## Task statement
This exercise calls for copying every line below that holds the word "probabilities".

(Given information begins)

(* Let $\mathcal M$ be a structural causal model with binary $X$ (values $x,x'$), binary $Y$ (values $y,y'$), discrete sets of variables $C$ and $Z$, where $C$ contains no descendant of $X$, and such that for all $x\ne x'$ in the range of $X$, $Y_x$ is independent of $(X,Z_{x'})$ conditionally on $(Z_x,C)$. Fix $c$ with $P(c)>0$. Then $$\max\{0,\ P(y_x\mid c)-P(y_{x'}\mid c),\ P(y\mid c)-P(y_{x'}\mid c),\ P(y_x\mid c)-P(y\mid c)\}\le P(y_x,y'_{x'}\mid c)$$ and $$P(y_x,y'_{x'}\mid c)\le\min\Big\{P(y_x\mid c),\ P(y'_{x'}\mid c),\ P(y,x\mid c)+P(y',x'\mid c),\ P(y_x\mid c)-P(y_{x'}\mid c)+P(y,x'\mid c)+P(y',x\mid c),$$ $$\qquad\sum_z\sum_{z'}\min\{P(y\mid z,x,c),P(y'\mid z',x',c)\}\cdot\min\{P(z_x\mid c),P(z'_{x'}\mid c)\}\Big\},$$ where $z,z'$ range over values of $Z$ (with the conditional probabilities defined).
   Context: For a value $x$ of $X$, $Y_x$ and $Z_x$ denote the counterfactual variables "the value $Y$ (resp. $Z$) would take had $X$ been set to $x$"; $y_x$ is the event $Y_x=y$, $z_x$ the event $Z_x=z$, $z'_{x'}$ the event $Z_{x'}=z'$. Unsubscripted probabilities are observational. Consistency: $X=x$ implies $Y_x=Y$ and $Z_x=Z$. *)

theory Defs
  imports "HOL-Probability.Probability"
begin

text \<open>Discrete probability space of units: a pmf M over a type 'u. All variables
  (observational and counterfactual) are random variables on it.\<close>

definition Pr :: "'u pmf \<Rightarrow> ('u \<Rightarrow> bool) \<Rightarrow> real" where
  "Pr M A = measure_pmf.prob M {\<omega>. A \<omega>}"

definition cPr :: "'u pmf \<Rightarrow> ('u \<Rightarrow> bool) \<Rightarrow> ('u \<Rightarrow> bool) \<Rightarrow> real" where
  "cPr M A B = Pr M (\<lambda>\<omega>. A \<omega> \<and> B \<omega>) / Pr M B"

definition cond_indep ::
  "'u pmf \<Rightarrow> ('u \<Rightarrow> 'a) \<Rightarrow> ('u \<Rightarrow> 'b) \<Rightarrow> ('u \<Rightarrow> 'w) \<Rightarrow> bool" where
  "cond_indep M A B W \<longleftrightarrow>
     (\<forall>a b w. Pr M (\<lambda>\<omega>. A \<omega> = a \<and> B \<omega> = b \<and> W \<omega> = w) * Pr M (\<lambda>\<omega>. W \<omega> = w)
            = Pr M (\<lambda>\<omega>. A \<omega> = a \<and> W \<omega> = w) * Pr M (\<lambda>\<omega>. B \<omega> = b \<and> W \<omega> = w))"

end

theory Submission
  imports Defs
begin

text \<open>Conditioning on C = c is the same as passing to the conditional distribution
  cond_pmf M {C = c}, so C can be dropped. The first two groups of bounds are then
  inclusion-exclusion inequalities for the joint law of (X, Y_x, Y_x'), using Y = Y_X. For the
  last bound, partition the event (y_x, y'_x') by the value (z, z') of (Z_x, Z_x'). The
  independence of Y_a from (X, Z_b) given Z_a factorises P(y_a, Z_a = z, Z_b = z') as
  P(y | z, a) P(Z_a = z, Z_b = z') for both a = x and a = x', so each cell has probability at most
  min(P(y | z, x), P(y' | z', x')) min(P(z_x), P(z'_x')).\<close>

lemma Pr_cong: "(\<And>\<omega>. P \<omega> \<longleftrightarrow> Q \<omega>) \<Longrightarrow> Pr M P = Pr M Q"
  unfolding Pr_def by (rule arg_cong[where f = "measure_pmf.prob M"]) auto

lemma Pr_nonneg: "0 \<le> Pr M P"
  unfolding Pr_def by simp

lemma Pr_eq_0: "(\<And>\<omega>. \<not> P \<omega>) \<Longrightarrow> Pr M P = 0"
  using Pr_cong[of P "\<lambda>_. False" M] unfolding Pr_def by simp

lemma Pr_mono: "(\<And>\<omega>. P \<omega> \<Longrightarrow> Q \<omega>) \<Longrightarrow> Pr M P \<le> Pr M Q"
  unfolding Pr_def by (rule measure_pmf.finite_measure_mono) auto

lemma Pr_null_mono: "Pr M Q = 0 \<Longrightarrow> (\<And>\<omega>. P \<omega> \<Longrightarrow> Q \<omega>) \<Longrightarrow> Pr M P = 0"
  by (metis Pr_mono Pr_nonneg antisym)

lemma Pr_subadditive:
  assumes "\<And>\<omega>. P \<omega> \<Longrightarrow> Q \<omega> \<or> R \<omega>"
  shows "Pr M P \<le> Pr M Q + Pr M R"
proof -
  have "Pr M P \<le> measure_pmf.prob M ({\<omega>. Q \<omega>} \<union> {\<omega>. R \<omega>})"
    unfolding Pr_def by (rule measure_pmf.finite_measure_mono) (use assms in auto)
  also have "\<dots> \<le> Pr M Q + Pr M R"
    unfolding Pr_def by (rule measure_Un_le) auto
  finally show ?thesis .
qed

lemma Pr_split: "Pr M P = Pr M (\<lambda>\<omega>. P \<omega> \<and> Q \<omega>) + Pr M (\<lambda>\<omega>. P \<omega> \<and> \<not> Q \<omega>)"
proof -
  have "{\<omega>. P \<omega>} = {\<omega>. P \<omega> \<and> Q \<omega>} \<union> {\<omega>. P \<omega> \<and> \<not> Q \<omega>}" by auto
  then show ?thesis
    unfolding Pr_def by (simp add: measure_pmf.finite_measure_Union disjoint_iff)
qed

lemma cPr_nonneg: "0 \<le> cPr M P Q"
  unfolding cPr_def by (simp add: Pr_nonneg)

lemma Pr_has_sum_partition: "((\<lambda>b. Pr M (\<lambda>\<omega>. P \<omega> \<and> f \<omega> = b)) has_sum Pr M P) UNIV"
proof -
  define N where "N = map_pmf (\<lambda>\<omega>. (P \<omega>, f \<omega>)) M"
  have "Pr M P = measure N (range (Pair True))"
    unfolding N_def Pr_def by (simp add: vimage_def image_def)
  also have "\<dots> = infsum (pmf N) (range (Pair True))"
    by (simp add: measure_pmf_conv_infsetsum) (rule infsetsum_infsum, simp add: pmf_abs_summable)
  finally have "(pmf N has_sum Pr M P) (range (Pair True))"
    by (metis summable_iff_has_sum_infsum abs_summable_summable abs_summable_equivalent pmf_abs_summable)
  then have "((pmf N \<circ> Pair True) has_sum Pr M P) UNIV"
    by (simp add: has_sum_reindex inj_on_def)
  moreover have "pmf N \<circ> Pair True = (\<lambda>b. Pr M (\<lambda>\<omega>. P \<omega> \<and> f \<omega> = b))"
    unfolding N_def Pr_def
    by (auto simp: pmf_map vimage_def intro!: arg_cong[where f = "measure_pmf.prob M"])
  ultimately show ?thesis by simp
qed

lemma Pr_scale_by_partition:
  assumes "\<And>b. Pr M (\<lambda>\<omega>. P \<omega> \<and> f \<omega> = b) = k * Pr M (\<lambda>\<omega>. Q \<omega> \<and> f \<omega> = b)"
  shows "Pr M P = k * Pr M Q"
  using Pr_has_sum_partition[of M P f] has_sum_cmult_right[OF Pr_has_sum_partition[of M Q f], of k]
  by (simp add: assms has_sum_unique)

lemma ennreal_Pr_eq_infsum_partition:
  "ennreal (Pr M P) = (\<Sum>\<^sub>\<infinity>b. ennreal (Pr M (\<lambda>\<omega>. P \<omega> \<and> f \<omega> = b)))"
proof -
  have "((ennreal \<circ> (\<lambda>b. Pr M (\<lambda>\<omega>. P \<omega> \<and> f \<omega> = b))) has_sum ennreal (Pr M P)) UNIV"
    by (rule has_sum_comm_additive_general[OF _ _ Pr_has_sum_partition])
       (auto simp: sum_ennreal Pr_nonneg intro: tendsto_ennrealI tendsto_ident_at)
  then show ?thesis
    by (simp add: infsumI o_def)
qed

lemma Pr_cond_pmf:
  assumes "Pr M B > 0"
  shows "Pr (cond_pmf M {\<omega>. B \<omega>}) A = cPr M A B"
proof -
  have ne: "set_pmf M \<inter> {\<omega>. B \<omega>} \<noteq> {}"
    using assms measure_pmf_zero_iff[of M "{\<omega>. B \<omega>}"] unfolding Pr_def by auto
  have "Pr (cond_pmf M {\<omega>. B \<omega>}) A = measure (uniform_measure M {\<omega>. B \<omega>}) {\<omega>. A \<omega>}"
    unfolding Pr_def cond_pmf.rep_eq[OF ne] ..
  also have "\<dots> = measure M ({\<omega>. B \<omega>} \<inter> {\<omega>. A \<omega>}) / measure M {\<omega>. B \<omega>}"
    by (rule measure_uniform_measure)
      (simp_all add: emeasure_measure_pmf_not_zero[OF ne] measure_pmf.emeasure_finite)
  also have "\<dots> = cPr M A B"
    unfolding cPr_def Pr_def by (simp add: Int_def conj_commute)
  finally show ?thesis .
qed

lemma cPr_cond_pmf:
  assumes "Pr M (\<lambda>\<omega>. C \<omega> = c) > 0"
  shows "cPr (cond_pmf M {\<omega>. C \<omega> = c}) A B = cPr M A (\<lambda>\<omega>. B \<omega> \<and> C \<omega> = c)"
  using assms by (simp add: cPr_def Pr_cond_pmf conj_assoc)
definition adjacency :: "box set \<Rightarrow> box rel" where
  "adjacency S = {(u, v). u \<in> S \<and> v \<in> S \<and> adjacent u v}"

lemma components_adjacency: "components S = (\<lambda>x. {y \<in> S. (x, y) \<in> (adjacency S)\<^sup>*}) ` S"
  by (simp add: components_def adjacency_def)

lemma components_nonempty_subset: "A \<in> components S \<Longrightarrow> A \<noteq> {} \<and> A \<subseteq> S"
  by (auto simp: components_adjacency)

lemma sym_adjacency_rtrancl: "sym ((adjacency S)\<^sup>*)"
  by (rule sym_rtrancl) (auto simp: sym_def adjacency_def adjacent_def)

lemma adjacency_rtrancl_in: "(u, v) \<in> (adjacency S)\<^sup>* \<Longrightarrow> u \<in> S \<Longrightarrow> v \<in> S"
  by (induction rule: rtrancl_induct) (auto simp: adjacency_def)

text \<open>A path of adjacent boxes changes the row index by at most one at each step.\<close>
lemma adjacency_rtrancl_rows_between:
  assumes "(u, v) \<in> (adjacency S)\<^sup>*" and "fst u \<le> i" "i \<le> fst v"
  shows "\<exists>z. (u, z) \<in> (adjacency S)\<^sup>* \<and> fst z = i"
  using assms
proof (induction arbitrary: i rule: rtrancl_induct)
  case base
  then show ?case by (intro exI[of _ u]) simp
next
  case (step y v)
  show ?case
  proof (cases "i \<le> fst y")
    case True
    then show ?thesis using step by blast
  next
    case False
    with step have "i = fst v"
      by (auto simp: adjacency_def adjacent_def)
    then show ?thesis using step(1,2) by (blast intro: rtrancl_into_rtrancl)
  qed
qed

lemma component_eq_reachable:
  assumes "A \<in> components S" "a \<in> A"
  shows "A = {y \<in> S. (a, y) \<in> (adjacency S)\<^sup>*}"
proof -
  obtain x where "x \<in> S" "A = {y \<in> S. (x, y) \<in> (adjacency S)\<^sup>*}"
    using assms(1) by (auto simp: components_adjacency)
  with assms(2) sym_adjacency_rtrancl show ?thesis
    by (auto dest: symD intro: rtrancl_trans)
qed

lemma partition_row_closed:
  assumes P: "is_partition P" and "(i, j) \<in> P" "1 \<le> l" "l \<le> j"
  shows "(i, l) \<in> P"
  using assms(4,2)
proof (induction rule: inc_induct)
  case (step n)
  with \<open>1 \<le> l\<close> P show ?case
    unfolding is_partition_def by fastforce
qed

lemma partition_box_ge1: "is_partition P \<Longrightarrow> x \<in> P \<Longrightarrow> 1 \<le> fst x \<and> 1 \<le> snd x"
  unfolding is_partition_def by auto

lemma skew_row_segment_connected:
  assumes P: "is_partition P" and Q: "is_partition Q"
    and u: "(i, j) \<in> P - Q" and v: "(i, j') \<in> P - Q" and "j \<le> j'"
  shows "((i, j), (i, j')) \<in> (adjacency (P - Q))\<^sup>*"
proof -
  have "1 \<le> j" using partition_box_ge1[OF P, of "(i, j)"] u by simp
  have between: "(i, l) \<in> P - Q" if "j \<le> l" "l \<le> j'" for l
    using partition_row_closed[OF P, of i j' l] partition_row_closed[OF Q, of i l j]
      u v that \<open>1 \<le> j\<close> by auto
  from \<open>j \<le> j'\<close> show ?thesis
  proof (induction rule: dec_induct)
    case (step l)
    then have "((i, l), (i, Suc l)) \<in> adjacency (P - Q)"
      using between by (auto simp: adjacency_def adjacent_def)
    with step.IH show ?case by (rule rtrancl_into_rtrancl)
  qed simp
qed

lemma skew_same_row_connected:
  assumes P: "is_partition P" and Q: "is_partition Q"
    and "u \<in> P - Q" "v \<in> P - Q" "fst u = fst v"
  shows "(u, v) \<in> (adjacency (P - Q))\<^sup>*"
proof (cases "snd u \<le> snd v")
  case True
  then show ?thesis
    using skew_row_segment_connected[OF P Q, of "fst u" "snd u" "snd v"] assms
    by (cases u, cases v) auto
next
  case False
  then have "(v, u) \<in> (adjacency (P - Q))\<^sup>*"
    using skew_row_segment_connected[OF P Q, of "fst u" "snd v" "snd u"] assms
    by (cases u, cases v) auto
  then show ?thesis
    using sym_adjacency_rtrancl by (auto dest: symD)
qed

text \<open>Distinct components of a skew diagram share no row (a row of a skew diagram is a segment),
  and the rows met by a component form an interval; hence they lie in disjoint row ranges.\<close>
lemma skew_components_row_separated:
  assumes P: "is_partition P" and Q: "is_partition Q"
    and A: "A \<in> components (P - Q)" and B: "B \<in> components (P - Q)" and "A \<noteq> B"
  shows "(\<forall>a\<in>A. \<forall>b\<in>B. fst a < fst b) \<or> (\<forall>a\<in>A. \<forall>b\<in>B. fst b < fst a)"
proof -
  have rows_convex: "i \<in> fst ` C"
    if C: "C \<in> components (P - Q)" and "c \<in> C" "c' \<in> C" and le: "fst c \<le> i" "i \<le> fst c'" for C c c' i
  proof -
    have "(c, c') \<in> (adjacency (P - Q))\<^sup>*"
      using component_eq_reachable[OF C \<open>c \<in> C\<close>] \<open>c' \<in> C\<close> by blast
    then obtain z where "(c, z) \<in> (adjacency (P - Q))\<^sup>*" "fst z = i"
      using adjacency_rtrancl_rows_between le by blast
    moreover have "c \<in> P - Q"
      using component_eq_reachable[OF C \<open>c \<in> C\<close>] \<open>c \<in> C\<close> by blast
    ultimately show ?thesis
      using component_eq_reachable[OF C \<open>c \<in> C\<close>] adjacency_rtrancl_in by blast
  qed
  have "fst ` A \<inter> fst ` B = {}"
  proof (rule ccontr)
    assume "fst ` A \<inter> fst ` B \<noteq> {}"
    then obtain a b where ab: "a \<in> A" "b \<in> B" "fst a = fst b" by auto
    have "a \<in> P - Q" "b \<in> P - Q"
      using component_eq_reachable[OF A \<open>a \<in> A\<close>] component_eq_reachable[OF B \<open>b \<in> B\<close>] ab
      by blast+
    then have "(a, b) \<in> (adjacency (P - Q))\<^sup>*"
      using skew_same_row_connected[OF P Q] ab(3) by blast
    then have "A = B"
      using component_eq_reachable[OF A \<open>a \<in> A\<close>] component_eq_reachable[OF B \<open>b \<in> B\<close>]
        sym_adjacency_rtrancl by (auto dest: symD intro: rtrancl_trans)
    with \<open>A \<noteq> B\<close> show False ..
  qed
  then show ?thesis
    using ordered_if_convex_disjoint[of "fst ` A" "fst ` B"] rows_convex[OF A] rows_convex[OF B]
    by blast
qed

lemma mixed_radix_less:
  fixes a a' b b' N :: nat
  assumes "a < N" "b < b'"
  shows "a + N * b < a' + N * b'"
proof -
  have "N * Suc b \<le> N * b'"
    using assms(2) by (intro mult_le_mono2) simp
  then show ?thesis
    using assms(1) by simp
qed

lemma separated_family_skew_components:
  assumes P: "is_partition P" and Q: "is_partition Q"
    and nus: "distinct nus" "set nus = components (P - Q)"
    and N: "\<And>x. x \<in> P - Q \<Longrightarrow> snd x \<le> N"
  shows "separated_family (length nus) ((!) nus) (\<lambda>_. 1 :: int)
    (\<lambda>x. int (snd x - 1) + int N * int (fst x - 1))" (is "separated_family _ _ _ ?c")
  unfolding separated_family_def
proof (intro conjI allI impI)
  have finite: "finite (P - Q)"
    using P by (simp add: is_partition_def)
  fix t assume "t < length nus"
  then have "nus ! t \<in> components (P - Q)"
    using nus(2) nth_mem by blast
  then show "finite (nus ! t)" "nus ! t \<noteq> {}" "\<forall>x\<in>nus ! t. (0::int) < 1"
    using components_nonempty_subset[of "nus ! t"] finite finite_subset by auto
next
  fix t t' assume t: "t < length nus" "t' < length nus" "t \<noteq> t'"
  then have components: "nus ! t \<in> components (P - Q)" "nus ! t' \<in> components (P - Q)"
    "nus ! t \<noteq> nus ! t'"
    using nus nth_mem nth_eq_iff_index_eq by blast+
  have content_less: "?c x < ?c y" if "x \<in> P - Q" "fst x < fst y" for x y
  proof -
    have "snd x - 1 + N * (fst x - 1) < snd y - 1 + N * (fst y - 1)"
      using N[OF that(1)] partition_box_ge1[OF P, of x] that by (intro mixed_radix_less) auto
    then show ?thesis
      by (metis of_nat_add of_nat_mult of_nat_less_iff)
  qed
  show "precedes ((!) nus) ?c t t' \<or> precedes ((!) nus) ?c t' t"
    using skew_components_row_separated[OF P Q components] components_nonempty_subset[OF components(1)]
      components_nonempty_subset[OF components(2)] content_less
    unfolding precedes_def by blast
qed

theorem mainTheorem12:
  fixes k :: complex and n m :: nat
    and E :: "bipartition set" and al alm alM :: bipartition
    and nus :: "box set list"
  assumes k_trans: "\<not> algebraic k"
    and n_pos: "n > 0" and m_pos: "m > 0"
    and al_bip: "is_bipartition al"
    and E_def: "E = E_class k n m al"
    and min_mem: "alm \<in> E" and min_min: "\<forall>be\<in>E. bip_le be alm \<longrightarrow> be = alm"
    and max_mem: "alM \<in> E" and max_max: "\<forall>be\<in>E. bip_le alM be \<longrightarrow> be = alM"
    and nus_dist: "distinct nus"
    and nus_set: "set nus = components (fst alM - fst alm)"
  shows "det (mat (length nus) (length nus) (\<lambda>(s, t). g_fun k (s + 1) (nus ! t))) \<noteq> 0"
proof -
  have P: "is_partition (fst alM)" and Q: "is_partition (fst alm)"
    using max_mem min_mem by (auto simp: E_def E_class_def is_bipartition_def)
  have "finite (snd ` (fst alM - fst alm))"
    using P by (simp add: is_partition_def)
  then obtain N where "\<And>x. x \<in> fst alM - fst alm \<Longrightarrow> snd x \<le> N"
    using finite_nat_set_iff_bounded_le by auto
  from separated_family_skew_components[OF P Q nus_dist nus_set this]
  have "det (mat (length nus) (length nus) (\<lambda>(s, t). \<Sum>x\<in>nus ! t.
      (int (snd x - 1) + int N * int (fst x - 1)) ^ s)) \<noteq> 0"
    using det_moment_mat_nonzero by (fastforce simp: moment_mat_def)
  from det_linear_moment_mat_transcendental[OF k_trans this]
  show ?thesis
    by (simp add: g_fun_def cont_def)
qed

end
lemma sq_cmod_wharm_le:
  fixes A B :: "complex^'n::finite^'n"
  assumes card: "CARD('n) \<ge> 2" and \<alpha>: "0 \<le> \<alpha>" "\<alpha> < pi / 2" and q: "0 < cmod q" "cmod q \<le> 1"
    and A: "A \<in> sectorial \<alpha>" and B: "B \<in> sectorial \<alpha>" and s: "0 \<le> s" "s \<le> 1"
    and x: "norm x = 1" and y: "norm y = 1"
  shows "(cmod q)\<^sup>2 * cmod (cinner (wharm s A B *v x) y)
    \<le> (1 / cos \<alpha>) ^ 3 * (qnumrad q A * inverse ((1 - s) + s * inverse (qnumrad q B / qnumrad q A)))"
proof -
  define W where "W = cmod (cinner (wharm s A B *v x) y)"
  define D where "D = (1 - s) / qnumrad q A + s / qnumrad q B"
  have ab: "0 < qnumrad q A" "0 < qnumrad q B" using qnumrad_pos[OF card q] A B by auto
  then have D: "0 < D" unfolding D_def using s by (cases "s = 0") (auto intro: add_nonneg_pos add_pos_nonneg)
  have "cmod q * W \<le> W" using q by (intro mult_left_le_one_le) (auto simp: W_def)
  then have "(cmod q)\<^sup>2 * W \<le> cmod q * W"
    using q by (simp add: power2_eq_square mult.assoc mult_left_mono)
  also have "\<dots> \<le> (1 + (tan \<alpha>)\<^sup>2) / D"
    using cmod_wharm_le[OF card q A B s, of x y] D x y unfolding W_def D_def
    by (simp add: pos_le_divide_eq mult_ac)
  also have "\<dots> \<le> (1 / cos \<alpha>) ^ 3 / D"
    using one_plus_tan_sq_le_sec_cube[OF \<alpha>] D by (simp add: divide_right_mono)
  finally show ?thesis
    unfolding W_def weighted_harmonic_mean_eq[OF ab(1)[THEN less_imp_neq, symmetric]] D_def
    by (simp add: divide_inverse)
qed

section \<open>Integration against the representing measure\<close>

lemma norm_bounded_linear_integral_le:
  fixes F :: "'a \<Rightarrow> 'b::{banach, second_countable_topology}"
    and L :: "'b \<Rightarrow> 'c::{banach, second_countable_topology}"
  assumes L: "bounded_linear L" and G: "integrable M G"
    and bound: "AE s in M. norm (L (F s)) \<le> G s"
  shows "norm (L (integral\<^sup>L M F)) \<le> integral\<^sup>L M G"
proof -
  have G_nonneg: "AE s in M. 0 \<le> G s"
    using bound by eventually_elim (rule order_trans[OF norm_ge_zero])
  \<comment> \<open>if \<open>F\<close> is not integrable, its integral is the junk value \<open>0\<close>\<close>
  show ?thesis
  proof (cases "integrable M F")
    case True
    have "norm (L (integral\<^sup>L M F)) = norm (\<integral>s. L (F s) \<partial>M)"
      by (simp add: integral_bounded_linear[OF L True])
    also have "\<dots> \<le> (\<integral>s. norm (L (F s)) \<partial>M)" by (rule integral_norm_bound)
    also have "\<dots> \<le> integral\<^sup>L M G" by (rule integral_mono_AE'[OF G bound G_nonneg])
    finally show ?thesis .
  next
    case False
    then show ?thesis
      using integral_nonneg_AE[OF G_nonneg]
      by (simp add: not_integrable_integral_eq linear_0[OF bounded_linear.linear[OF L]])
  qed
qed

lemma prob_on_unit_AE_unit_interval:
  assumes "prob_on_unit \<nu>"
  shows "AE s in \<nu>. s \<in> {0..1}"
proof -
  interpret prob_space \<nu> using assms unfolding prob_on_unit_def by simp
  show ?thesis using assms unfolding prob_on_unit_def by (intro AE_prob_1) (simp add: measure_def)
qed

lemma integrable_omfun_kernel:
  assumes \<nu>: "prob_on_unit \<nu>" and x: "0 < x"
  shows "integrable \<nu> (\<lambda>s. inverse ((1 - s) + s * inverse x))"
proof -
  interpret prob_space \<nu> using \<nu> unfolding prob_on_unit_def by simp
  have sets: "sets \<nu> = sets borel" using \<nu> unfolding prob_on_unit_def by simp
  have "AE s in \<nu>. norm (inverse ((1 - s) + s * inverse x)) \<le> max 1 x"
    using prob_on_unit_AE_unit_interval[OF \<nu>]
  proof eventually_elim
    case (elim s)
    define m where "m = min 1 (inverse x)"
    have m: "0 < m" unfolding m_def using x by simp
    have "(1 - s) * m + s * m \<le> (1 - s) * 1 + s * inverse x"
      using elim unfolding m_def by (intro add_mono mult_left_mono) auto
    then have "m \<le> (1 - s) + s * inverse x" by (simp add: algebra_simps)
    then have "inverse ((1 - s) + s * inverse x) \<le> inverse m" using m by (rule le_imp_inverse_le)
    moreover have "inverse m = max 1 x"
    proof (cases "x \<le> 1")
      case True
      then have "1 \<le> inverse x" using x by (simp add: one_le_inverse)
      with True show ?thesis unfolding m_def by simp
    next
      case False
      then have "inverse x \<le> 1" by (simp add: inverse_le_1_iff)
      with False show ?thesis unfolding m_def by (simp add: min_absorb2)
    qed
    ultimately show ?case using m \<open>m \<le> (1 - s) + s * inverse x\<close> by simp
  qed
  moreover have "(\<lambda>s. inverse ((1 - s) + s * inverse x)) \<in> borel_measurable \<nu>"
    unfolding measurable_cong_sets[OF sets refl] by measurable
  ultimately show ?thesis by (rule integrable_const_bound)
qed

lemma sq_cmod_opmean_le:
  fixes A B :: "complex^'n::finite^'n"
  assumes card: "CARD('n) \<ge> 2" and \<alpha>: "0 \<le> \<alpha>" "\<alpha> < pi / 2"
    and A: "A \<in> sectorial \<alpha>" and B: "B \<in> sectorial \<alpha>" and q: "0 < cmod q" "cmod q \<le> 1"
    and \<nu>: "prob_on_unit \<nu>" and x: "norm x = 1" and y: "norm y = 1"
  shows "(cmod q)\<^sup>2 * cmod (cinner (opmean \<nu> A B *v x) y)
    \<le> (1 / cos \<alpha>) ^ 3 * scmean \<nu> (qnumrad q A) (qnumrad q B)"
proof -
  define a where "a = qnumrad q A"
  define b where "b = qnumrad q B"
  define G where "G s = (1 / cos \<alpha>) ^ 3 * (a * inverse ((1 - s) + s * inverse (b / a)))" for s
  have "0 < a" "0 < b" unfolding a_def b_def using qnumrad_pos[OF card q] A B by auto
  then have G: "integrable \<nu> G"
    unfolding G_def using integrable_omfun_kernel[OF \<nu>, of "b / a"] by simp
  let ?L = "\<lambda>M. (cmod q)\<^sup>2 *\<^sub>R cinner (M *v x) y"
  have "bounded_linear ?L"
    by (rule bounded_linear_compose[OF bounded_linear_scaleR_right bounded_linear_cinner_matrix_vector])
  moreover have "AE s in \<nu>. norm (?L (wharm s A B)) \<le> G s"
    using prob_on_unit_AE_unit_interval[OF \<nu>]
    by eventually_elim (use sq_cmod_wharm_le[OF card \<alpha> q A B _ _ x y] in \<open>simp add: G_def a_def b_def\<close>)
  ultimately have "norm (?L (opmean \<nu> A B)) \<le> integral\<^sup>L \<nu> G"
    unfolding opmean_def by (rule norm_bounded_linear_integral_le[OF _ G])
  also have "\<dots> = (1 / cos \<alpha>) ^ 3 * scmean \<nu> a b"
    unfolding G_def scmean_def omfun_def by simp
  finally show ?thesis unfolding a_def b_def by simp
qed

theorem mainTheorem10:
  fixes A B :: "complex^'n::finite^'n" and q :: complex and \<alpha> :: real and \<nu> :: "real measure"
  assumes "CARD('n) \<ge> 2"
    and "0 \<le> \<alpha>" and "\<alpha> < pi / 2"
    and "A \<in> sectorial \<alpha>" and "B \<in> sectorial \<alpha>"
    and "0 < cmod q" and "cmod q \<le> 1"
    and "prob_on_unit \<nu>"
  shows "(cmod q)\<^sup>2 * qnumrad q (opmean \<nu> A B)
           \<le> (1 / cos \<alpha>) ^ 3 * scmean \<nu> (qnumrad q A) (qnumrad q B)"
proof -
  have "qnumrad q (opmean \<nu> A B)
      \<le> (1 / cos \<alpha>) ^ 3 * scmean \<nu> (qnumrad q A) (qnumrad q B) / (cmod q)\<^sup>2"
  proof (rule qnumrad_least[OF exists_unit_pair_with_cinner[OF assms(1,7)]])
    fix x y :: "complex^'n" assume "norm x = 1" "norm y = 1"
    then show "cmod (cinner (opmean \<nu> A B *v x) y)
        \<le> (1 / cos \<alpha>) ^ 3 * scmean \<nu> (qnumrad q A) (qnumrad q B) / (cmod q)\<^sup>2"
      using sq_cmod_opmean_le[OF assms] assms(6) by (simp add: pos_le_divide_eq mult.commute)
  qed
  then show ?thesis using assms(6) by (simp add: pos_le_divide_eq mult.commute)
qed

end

(Given information ends)

## Finished exercise
(* Let $\mathcal M$ be a structural causal model with binary $X$ (values $x,x'$), binary $Y$ (values $y,y'$), discrete sets of variables $C$ and $Z$, where $C$ contains no descendant of $X$, and such that for all $x\ne x'$ in the range of $X$, $Y_x$ is independent of $(X,Z_{x'})$ conditionally on $(Z_x,C)$. Fix $c$ with $P(c)>0$. Then $$\max\{0,\ P(y_x\mid c)-P(y_{x'}\mid c),\ P(y\mid c)-P(y_{x'}\mid c),\ P(y_x\mid c)-P(y\mid c)\}\le P(y_x,y'_{x'}\mid c)$$ and $$P(y_x,y'_{x'}\mid c)\le\min\Big\{P(y_x\mid c),\ P(y'_{x'}\mid c),\ P(y,x\mid c)+P(y',x'\mid c),\ P(y_x\mid c)-P(y_{x'}\mid c)+P(y,x'\mid c)+P(y',x\mid c),$$ $$\qquad\sum_z\sum_{z'}\min\{P(y\mid z,x,c),P(y'\mid z',x',c)\}\cdot\min\{P(z_x\mid c),P(z'_{x'}\mid c)\}\Big\},$$ where $z,z'$ range over values of $Z$ (with the conditional probabilities defined).
   Context: For a value $x$ of $X$, $Y_x$ and $Z_x$ denote the counterfactual variables "the value $Y$ (resp. $Z$) would take had $X$ been set to $x$"; $y_x$ is the event $Y_x=y$, $z_x$ the event $Z_x=z$, $z'_{x'}$ the event $Z_{x'}=z'$. Unsubscripted probabilities are observational. Consistency: $X=x$ implies $Y_x=Y$ and $Z_x=Z$. *)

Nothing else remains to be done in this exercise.